Where a line of the records contains the word "imports", show that line.

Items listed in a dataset

^^^^^^^^^^^^^^^^

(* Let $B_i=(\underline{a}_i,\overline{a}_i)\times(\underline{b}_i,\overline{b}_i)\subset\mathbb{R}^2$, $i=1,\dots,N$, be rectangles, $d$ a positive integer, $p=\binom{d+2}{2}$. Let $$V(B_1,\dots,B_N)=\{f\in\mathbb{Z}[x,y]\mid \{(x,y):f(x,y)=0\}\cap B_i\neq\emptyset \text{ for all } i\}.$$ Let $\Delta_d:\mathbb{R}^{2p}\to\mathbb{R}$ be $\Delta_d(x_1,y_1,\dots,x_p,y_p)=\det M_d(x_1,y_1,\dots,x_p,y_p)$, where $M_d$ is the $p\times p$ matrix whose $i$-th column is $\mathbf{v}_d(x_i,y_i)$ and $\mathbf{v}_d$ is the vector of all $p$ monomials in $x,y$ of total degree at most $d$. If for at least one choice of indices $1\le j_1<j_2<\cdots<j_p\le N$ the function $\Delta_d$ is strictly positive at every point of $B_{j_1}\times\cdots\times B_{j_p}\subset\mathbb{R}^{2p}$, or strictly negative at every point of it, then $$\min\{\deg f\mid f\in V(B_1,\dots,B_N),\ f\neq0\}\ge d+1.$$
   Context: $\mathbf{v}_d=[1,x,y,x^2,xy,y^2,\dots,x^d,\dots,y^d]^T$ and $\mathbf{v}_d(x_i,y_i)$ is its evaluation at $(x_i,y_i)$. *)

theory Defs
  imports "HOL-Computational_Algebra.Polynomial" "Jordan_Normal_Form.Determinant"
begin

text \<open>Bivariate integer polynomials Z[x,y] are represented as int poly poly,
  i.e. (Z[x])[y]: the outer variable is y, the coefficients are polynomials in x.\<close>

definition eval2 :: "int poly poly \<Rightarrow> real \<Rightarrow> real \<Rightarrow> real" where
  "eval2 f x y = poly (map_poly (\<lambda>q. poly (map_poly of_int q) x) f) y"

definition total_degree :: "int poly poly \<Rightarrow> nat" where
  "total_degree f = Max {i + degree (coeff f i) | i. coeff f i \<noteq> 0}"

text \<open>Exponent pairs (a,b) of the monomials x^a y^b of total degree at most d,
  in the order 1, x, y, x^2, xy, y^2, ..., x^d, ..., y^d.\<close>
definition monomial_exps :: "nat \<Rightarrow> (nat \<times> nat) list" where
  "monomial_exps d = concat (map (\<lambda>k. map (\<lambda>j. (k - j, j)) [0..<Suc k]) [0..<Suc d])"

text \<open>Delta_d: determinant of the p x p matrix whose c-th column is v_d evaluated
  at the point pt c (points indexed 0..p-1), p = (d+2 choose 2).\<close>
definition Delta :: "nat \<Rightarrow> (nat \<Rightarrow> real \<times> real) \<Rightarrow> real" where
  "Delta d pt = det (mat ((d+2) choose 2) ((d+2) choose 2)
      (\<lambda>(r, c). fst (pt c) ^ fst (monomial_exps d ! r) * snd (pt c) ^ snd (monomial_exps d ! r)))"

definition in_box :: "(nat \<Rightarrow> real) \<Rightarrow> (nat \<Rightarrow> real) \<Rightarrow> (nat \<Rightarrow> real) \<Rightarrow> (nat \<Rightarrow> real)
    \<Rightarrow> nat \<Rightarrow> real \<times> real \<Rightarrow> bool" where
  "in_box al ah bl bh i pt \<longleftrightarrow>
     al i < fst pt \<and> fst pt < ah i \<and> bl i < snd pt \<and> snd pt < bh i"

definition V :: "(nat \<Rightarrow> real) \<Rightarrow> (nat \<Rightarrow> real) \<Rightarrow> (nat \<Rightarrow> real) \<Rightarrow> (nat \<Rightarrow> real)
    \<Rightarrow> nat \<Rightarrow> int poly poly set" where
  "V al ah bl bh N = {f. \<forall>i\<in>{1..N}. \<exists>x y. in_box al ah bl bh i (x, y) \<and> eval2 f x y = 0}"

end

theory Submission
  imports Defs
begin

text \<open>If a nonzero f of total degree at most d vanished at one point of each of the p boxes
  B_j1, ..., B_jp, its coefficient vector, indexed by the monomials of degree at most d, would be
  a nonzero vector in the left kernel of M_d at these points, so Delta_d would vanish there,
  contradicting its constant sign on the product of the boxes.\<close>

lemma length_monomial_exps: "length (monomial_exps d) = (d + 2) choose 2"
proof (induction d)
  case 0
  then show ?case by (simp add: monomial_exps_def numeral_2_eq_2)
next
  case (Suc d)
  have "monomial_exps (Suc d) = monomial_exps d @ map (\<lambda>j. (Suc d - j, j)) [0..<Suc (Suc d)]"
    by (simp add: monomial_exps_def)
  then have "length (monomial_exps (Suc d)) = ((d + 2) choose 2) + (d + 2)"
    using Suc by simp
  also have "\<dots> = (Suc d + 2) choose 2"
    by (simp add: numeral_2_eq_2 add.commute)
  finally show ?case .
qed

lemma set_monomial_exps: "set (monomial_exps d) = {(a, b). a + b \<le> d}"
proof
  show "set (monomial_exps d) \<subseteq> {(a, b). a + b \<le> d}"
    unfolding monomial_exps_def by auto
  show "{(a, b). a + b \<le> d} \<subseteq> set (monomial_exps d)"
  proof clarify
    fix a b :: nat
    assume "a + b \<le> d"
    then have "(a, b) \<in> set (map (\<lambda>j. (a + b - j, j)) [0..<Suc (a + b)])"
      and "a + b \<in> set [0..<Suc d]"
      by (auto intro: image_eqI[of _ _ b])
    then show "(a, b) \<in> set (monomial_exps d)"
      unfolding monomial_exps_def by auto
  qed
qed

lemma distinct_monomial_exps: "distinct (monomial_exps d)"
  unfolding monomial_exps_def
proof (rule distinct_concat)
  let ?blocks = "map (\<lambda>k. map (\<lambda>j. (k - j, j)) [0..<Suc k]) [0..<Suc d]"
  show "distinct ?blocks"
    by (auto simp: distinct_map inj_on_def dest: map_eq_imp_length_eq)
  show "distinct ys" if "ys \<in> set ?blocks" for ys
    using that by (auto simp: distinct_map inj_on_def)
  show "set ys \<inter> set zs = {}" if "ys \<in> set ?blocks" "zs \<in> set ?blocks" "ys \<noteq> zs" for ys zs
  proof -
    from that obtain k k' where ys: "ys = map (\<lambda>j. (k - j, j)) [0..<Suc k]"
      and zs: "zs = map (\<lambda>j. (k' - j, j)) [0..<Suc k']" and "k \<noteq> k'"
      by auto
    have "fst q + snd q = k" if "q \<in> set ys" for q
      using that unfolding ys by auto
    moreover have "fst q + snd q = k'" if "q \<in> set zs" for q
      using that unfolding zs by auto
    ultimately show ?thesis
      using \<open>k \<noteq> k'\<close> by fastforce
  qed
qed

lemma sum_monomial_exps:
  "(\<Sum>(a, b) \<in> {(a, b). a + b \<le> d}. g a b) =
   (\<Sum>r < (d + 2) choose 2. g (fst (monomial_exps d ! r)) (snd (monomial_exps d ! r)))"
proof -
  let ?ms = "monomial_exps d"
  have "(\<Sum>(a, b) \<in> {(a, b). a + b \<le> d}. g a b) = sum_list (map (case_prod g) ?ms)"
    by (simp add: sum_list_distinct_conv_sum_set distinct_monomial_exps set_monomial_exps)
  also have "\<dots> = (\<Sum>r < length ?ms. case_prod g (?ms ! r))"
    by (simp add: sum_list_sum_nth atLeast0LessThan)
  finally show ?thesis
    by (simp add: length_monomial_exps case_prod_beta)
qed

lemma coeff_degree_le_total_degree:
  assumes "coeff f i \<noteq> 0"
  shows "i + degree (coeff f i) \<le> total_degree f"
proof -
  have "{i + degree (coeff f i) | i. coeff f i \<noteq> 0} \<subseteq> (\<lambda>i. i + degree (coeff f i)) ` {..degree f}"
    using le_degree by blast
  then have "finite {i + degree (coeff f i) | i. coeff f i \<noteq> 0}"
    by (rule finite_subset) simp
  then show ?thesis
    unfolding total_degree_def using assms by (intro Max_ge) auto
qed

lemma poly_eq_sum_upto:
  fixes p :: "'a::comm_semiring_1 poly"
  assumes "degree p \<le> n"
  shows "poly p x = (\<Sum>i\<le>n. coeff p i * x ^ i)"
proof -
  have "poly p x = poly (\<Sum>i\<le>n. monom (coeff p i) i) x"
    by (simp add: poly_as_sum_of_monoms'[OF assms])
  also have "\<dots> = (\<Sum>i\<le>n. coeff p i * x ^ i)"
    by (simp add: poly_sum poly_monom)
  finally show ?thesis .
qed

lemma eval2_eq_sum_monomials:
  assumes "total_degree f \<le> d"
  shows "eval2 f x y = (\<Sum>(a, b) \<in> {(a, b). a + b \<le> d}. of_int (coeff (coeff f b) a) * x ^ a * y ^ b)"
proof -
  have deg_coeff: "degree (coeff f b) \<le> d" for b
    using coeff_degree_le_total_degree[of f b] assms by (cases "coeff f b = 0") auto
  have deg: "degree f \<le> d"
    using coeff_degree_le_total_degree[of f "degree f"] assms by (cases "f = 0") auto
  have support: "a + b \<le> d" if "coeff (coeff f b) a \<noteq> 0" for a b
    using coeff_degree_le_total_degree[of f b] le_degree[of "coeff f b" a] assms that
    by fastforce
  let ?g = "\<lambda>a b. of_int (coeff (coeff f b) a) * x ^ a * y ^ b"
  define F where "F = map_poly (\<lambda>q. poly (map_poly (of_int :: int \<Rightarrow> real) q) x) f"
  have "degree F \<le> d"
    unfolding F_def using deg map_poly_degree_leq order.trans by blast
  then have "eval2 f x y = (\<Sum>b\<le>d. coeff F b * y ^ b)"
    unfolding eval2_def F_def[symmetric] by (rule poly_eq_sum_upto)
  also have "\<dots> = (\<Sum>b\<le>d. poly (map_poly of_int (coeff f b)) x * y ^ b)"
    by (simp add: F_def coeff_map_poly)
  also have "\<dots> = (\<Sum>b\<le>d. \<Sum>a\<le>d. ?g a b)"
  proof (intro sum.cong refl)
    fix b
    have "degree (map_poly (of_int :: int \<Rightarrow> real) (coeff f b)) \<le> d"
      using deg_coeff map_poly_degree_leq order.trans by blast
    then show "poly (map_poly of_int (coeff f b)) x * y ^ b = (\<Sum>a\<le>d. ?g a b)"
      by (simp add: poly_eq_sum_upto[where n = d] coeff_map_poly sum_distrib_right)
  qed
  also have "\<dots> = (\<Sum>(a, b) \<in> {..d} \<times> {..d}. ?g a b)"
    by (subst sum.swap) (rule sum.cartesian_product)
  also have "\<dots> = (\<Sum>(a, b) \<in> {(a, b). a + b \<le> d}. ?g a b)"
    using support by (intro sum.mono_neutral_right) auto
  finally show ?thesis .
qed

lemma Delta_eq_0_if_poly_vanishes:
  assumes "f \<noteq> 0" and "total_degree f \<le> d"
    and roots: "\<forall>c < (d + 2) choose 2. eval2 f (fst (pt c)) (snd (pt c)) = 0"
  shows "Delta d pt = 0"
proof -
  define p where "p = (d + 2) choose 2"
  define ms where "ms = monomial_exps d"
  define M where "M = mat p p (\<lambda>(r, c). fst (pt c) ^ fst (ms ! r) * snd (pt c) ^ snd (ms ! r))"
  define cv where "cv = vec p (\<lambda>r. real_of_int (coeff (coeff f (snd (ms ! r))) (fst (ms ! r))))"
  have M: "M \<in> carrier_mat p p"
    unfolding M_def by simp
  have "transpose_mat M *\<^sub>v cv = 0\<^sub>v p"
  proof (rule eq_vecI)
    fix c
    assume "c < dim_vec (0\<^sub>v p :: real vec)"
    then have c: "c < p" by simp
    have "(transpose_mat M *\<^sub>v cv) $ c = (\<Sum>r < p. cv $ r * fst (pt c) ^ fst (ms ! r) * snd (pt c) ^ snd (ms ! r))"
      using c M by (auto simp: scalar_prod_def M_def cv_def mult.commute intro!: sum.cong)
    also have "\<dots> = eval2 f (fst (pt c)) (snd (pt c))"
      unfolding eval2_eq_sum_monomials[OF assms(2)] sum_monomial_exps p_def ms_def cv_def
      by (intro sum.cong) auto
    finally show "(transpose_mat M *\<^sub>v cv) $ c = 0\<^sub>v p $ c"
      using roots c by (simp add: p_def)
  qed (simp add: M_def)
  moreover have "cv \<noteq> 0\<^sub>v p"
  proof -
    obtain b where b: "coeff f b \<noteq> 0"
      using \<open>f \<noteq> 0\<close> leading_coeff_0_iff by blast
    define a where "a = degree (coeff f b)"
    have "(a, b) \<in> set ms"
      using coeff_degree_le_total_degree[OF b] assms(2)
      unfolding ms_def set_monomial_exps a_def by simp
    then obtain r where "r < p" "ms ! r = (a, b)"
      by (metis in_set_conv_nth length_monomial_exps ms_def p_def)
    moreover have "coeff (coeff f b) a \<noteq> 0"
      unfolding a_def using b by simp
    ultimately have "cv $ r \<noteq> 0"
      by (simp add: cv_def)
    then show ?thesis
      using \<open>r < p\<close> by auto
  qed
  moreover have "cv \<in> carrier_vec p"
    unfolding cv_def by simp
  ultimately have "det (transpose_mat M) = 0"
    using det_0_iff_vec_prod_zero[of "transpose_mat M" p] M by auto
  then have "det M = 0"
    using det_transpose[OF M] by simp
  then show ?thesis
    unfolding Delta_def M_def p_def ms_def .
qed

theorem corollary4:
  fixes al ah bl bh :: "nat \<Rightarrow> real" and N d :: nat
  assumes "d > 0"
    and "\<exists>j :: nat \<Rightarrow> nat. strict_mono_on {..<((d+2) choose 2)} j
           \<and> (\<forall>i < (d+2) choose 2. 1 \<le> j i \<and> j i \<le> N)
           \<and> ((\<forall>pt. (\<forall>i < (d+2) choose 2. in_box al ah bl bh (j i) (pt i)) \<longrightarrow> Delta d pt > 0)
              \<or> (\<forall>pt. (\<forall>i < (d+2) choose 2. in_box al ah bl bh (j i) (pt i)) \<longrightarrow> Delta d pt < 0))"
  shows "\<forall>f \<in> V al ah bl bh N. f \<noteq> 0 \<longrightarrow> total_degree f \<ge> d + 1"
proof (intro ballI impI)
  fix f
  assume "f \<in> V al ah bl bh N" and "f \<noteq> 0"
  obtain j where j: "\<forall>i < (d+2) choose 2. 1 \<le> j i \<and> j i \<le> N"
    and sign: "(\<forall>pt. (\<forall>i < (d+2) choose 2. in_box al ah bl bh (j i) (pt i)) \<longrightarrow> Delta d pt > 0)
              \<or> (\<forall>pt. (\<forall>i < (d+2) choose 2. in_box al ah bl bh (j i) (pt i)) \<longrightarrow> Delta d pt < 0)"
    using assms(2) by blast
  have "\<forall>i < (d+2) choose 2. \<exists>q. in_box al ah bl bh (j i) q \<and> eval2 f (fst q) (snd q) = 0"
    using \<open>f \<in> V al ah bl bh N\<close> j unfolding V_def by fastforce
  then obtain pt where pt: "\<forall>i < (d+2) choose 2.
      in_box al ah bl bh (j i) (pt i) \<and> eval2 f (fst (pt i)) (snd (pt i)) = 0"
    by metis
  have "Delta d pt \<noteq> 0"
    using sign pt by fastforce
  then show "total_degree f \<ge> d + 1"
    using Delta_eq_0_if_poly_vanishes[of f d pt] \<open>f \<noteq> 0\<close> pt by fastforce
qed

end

^^^^^^^^^^^^^^^^

* _SOLVED PROBLEM_:
  imports "HOL-Computational_Algebra.Polynomial" "Jordan_Normal_Form.Determinant"
  imports Defs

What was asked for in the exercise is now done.